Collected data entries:
====
lemma palindromic_coeff_top:
  assumes "palindromic n p"
  shows "coeff p n = coeff p 0"
proof (cases "p = 0")
  case False
  define m where "m = degree p"
  have mn: "m \<le> n" using assms unfolding palindromic_def m_def by simp
  have reflect: "p = monom 1 (n - m) * reflect_poly p"
  proof (rule poly_eq_on_nonzero)
    fix x :: rat
    assume x: "x \<noteq> 0"
    have "poly (monom 1 (n - m) * reflect_poly p) x = x ^ (n - m) * (x ^ m * poly p (inverse x))"
      using x by (simp add: poly_monom poly_reflect_poly_nz m_def)
    also have "\<dots> = x ^ n * poly p (1 / x)"
      using mn by (simp add: mult.assoc[symmetric] power_add[symmetric] inverse_eq_divide)
    also have "\<dots> = poly p x" using assms x unfolding palindromic_def by (metis (no_types))
    finally show "poly p x = poly (monom 1 (n - m) * reflect_poly p) x" by simp
  qed
  have "coeff p 0 = coeff (monom 1 (n - m) * reflect_poly p) 0"
    using arg_cong[OF reflect, of "\<lambda>q. coeff q 0"] .
  also have "\<dots> = (if 0 < n - m then 0 else lead_coeff p)"
    by (simp add: coeff_monom_mult)
  finally show ?thesis
    using mn by (cases "m = n") (auto simp: m_def coeff_eq_0)
qed simp

lemma palindromic_pCons0:
  assumes pal: "palindromic n (pCons 0 r)"
  shows "palindromic (n - 2) r" and "n < 2 \<Longrightarrow> r = 0"
proof -
  have deg: "degree r + 2 \<le> n" if "r \<noteq> 0"
  proof -
    have "degree (pCons 0 r) \<le> n" using pal unfolding palindromic_def by simp
    moreover have "coeff (pCons 0 r) n = 0" using palindromic_coeff_top[OF pal] by simp
    moreover have "lead_coeff (pCons 0 r) \<noteq> 0" using that by simp
    ultimately have "degree (pCons 0 r) < n" by (metis le_neq_implies_less)
    then show ?thesis using that by simp
  qed
  then show "n < 2 \<Longrightarrow> r = 0" by fastforce
  show "palindromic (n - 2) r"
  proof (cases "r = 0")
    case False
    then have n2: "n = Suc (Suc (n - 2))" using deg by simp
    show ?thesis
      unfolding palindromic_def
    proof (intro conjI allI impI)
      show "degree r \<le> n - 2" using deg False by simp
      fix x :: rat
      assume x: "x \<noteq> 0"
      have "poly (pCons 0 r) x = x ^ n * poly (pCons 0 r) (1 / x)"
        using pal x unfolding palindromic_def by blast
      then have "x * poly r x = x ^ n * ((1 / x) * poly r (1 / x))" by simp
      also have "\<dots> = x * (x ^ (n - 2) * poly r (1 / x))"
        using x by (subst n2) (simp add: field_simps)
      finally show "poly r x = x ^ (n - 2) * poly r (1 / x)" using x by simp
    qed
  qed (simp add: palindromic_def)
qed

section \<open>Coordinates in the basis B\<close>

definition basis_sum :: "nat \<Rightarrow> nat \<Rightarrow> (nat \<Rightarrow> rat) \<Rightarrow> rat poly" where
  "basis_sum n i c = (\<Sum>j\<le>n div 2. smult (c j) (monom 1 j * Pdi (int n - 1 - 2 * int j) i))"

lemma basis_sum_expand:
  "basis_sum (d + 1) i c = (\<Sum>j\<le>(d + 1) div 2. smult (c j) (monom 1 j * Pdi (int d - 2 * int j) i))"
  by (simp add: basis_sum_def)

lemma coeff0_Pdi: "coeff (Pdi d i) 0 = 1"
proof -
  have "coeff (geom_poly n) 0 = 1" for n
    unfolding geom_poly_def coeff_sum coeff_monom by (simp add: sum.delta)
  then show ?thesis unfolding Pdi_def by (simp add: coeff_mult_0 coeff_0_power)
qed

text \<open>Linear independence: since t^j P_{n-1-2j,i} starts with t^j, the coordinates of the
  zero polynomial vanish (by induction along the coefficients).\<close>
lemma basis_sum_eq_0:
  assumes "basis_sum n i c = 0" "j \<le> n div 2"
  shows "c j = 0"
  using assms(2)
proof (induction j rule: less_induct)
  case (less j)
  have "0 = coeff (basis_sum n i c) j" using assms(1) by simp
  also have "\<dots> = (\<Sum>k\<le>n div 2. c k * (if j < k then 0 else coeff (Pdi (int n - 1 - 2 * int k) i) (j - k)))"
    unfolding basis_sum_def coeff_sum coeff_smult coeff_monom_mult
    by (rule sum.cong, rule refl, simp only: mult_1_left)
  also have "\<dots> = (\<Sum>k\<le>n div 2. if k = j then c j else 0)"
    by (rule sum.cong) (use less in \<open>auto simp: coeff0_Pdi\<close>)
  also have "\<dots> = c j" using less.prems by simp
  finally show ?case by simp
qed

lemma basis_sum_unique:
  assumes "basis_sum n i c = basis_sum n i c'" "j \<le> n div 2"
  shows "c j = c' j"
proof -
  have "basis_sum n i (\<lambda>j. c j - c' j) = basis_sum n i c - basis_sum n i c'"
    by (simp add: basis_sum_def sum_subtractf smult_diff_left)
  then show ?thesis using basis_sum_eq_0[of n i "\<lambda>j. c j - c' j" j] assms by simp
qed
====
PROBLEM DETAILS:
A complete, exact repeat of the records is the required answer.

WRITTEN SOLUTION:
lemma palindromic_coeff_top:
  assumes "palindromic n p"
  shows "coeff p n = coeff p 0"
proof (cases "p = 0")
  case False
  define m where "m = degree p"
  have mn: "m \<le> n" using assms unfolding palindromic_def m_def by simp
  have reflect: "p = monom 1 (n - m) * reflect_poly p"
  proof (rule poly_eq_on_nonzero)
    fix x :: rat
    assume x: "x \<noteq> 0"
    have "poly (monom 1 (n - m) * reflect_poly p) x = x ^ (n - m) * (x ^ m * poly p (inverse x))"
      using x by (simp add: poly_monom poly_reflect_poly_nz m_def)
    also have "\<dots> = x ^ n * poly p (1 / x)"
      using mn by (simp add: mult.assoc[symmetric] power_add[symmetric] inverse_eq_divide)
    also have "\<dots> = poly p x" using assms x unfolding palindromic_def by (metis (no_types))
    finally show "poly p x = poly (monom 1 (n - m) * reflect_poly p) x" by simp
  qed
  have "coeff p 0 = coeff (monom 1 (n - m) * reflect_poly p) 0"
    using arg_cong[OF reflect, of "\<lambda>q. coeff q 0"] .
  also have "\<dots> = (if 0 < n - m then 0 else lead_coeff p)"
    by (simp add: coeff_monom_mult)
  finally show ?thesis
    using mn by (cases "m = n") (auto simp: m_def coeff_eq_0)
qed simp

lemma palindromic_pCons0:
  assumes pal: "palindromic n (pCons 0 r)"
  shows "palindromic (n - 2) r" and "n < 2 \<Longrightarrow> r = 0"
proof -
  have deg: "degree r + 2 \<le> n" if "r \<noteq> 0"
  proof -
    have "degree (pCons 0 r) \<le> n" using pal unfolding palindromic_def by simp
    moreover have "coeff (pCons 0 r) n = 0" using palindromic_coeff_top[OF pal] by simp
    moreover have "lead_coeff (pCons 0 r) \<noteq> 0" using that by simp
    ultimately have "degree (pCons 0 r) < n" by (metis le_neq_implies_less)
    then show ?thesis using that by simp
  qed
  then show "n < 2 \<Longrightarrow> r = 0" by fastforce
  show "palindromic (n - 2) r"
  proof (cases "r = 0")
    case False
    then have n2: "n = Suc (Suc (n - 2))" using deg by simp
    show ?thesis
      unfolding palindromic_def
    proof (intro conjI allI impI)
      show "degree r \<le> n - 2" using deg False by simp
      fix x :: rat
      assume x: "x \<noteq> 0"
      have "poly (pCons 0 r) x = x ^ n * poly (pCons 0 r) (1 / x)"
        using pal x unfolding palindromic_def by blast
      then have "x * poly r x = x ^ n * ((1 / x) * poly r (1 / x))" by simp
      also have "\<dots> = x * (x ^ (n - 2) * poly r (1 / x))"
        using x by (subst n2) (simp add: field_simps)
      finally show "poly r x = x ^ (n - 2) * poly r (1 / x)" using x by simp
    qed
  qed (simp add: palindromic_def)
qed

section \<open>Coordinates in the basis B\<close>

definition basis_sum :: "nat \<Rightarrow> nat \<Rightarrow> (nat \<Rightarrow> rat) \<Rightarrow> rat poly" where
  "basis_sum n i c = (\<Sum>j\<le>n div 2. smult (c j) (monom 1 j * Pdi (int n - 1 - 2 * int j) i))"

lemma basis_sum_expand:
  "basis_sum (d + 1) i c = (\<Sum>j\<le>(d + 1) div 2. smult (c j) (monom 1 j * Pdi (int d - 2 * int j) i))"
  by (simp add: basis_sum_def)

lemma coeff0_Pdi: "coeff (Pdi d i) 0 = 1"
proof -
  have "coeff (geom_poly n) 0 = 1" for n
    unfolding geom_poly_def coeff_sum coeff_monom by (simp add: sum.delta)
  then show ?thesis unfolding Pdi_def by (simp add: coeff_mult_0 coeff_0_power)
qed

text \<open>Linear independence: since t^j P_{n-1-2j,i} starts with t^j, the coordinates of the
  zero polynomial vanish (by induction along the coefficients).\<close>
lemma basis_sum_eq_0:
  assumes "basis_sum n i c = 0" "j \<le> n div 2"
  shows "c j = 0"
  using assms(2)
proof (induction j rule: less_induct)
  case (less j)
  have "0 = coeff (basis_sum n i c) j" using assms(1) by simp
  also have "\<dots> = (\<Sum>k\<le>n div 2. c k * (if j < k then 0 else coeff (Pdi (int n - 1 - 2 * int k) i) (j - k)))"
    unfolding basis_sum_def coeff_sum coeff_smult coeff_monom_mult
    by (rule sum.cong, rule refl, simp only: mult_1_left)
  also have "\<dots> = (\<Sum>k\<le>n div 2. if k = j then c j else 0)"
    by (rule sum.cong) (use less in \<open>auto simp: coeff0_Pdi\<close>)
  also have "\<dots> = c j" using less.prems by simp
  finally show ?case by simp
qed

lemma basis_sum_unique:
  assumes "basis_sum n i c = basis_sum n i c'" "j \<le> n div 2"
  shows "c j = c' j"
proof -
  have "basis_sum n i (\<lambda>j. c j - c' j) = basis_sum n i c - basis_sum n i c'"
    by (simp add: basis_sum_def sum_subtractf smult_diff_left)
  then show ?thesis using basis_sum_eq_0[of n i "\<lambda>j. c j - c' j" j] assms by simp
qed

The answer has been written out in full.